Starting with the first line below, reproduce each line exactly until you have included the one bearing "moreover from obs".

* Material shown
^^^^

lemma tbsc_valid_linearI:
  assumes Rel_add: "\<And>S S' t j. Rel (\<lambda>t j. S t j + S' t j) t j = Rel S t j + Rel S' t j"
    and relay: "\<And>E1 D t j. burst_pattern b1 (T + 1) E1 \<Longrightarrow> msg_seq D \<Longrightarrow>
      \<forall>u\<le>t. u \<notin> E1 \<longrightarrow> (\<forall>j\<in>{1..n}. packet k MS GS D u j = 0) \<Longrightarrow>
      j \<in> {1..k} \<Longrightarrow> Rel D t j = 0"
    and dest: "\<And>E2 D t j. burst_pattern b2 (T + 1) E2 \<Longrightarrow> msg_seq D \<Longrightarrow> 0 \<le> t \<Longrightarrow>
      \<forall>u\<le>t + int T. u \<notin> E2 \<longrightarrow> (\<forall>j\<in>{1..n}. packet k MD GD (Rel D) u j = 0) \<Longrightarrow>
      j \<in> {1..k} \<Longrightarrow> D t j = 0"
  shows "tbsc_valid b1 b2 T k n GS MS Rel GD MD"
  unfolding tbsc_valid_def
proof (intro conjI allI impI ballI)
  fix E1 S S' t j
  assume "burst_pattern b1 (T + 1) E1" "msg_seq S" "msg_seq S'" "j \<in> {1..k}"
    and obs: "\<forall>u\<le>t. u \<notin> E1 \<longrightarrow> (\<forall>j\<in>{1..n}. packet k MS GS S u j = packet k MS GS S' u j)"
  moreover from obs
  have "\<forall>u\<le>t. u \<notin> E1 \<longrightarrow> (\<forall>j\<in>{1..n}. packet k MS GS (\<lambda>t j. S t j + S' t j) u j = 0)"
    by (simp only: packet_add bit_add_eq_0_iff)
  ultimately have "Rel (\<lambda>t j. S t j + S' t j) t j = 0"
    by (intro relay) (auto simp: msg_seq_def)
  then show "Rel S t j = Rel S' t j"
    by (simp only: Rel_add bit_add_eq_0_iff)
next
  fix E2 S S' t j
  assume "burst_pattern b2 (T + 1) E2" "msg_seq S" "msg_seq S'" "0 \<le> t" "j \<in> {1..k}"
    and obs: "\<forall>u\<le>t + int T. u \<notin> E2 \<longrightarrow>
      (\<forall>j\<in>{1..n}. packet k MD GD (Rel S) u j = packet k MD GD (Rel S') u j)"
  moreover have "Rel (\<lambda>t j. S t j + S' t j) = (\<lambda>t j. Rel S t j + Rel S' t j)"
    by (intro ext) (rule Rel_add)
  with obs have "\<forall>u\<le>t + int T. u \<notin> E2 \<longrightarrow>
      (\<forall>j\<in>{1..n}. packet k MD GD (Rel (\<lambda>t j. S t j + S' t j)) u j = 0)"
    by (simp only: packet_add bit_add_eq_0_iff)
  ultimately have "S t j + S' t j = 0"
    by (intro dest[of E2 "\<lambda>t j. S t j + S' t j"]) (auto simp: msg_seq_def)
  then show "S t j = S' t j"
    by (simp only: bit_add_eq_0_iff)
qed

lemma parity_eq_0_isolate:
  fixes X :: "int \<Rightarrow> nat \<Rightarrow> bit"
  assumes neg: "\<And>x r. x < 0 \<Longrightarrow> X x r = 0"
    and par: "parity k M G X u c = 0"
    and i0: "i0 \<le> M" and r0: "r0 \<in> {1..k}" and G0: "G i0 r0 c = 1"
    and others: "\<And>i r. i \<le> M \<Longrightarrow> r \<in> {1..k} \<Longrightarrow> (i, r) \<noteq> (i0, r0) \<Longrightarrow>
      G i r c = 1 \<Longrightarrow> X (u - int i) r = 0"
  shows "X (u - int i0) r0 = 0"
proof -
  define f where "f = (\<lambda>(i, r). X (u - int i) r * G i r c)"
  have "parity k M G X u c = (\<Sum>x\<in>{0..M} \<times> {1..k}. f x)"
    unfolding parity_def f_def sum.cartesian_product[symmetric]
    by (intro sum.cong refl) (simp add: neg)
  also have "\<dots> = f (i0, r0) + (\<Sum>x\<in>{0..M} \<times> {1..k} - {(i0, r0)}. f x)"
    by (rule sum.remove) (use i0 r0 in auto)
  also have "(\<Sum>x\<in>{0..M} \<times> {1..k} - {(i0, r0)}. f x) = 0"
  proof (intro sum.neutral ballI)
    fix x assume "x \<in> {0..M} \<times> {1..k} - {(i0, r0)}"
    then show "f x = 0"
      using others by (cases x; cases "G (fst x) (snd x) c") (auto simp: f_def)
  qed
  finally show ?thesis
    using par G0 by (simp add: f_def)
qed

lemma mod1_bounds: "0 < n \<Longrightarrow> mod1 m n \<in> {1..n}"
  by (auto simp: mod1_def less_imp_le)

^^^^

* Written solution
lemma tbsc_valid_linearI:
  assumes Rel_add: "\<And>S S' t j. Rel (\<lambda>t j. S t j + S' t j) t j = Rel S t j + Rel S' t j"
    and relay: "\<And>E1 D t j. burst_pattern b1 (T + 1) E1 \<Longrightarrow> msg_seq D \<Longrightarrow>
      \<forall>u\<le>t. u \<notin> E1 \<longrightarrow> (\<forall>j\<in>{1..n}. packet k MS GS D u j = 0) \<Longrightarrow>
      j \<in> {1..k} \<Longrightarrow> Rel D t j = 0"
    and dest: "\<And>E2 D t j. burst_pattern b2 (T + 1) E2 \<Longrightarrow> msg_seq D \<Longrightarrow> 0 \<le> t \<Longrightarrow>
      \<forall>u\<le>t + int T. u \<notin> E2 \<longrightarrow> (\<forall>j\<in>{1..n}. packet k MD GD (Rel D) u j = 0) \<Longrightarrow>
      j \<in> {1..k} \<Longrightarrow> D t j = 0"
  shows "tbsc_valid b1 b2 T k n GS MS Rel GD MD"
  unfolding tbsc_valid_def
proof (intro conjI allI impI ballI)
  fix E1 S S' t j
  assume "burst_pattern b1 (T + 1) E1" "msg_seq S" "msg_seq S'" "j \<in> {1..k}"
    and obs: "\<forall>u\<le>t. u \<notin> E1 \<longrightarrow> (\<forall>j\<in>{1..n}. packet k MS GS S u j = packet k MS GS S' u j)"
  moreover from obs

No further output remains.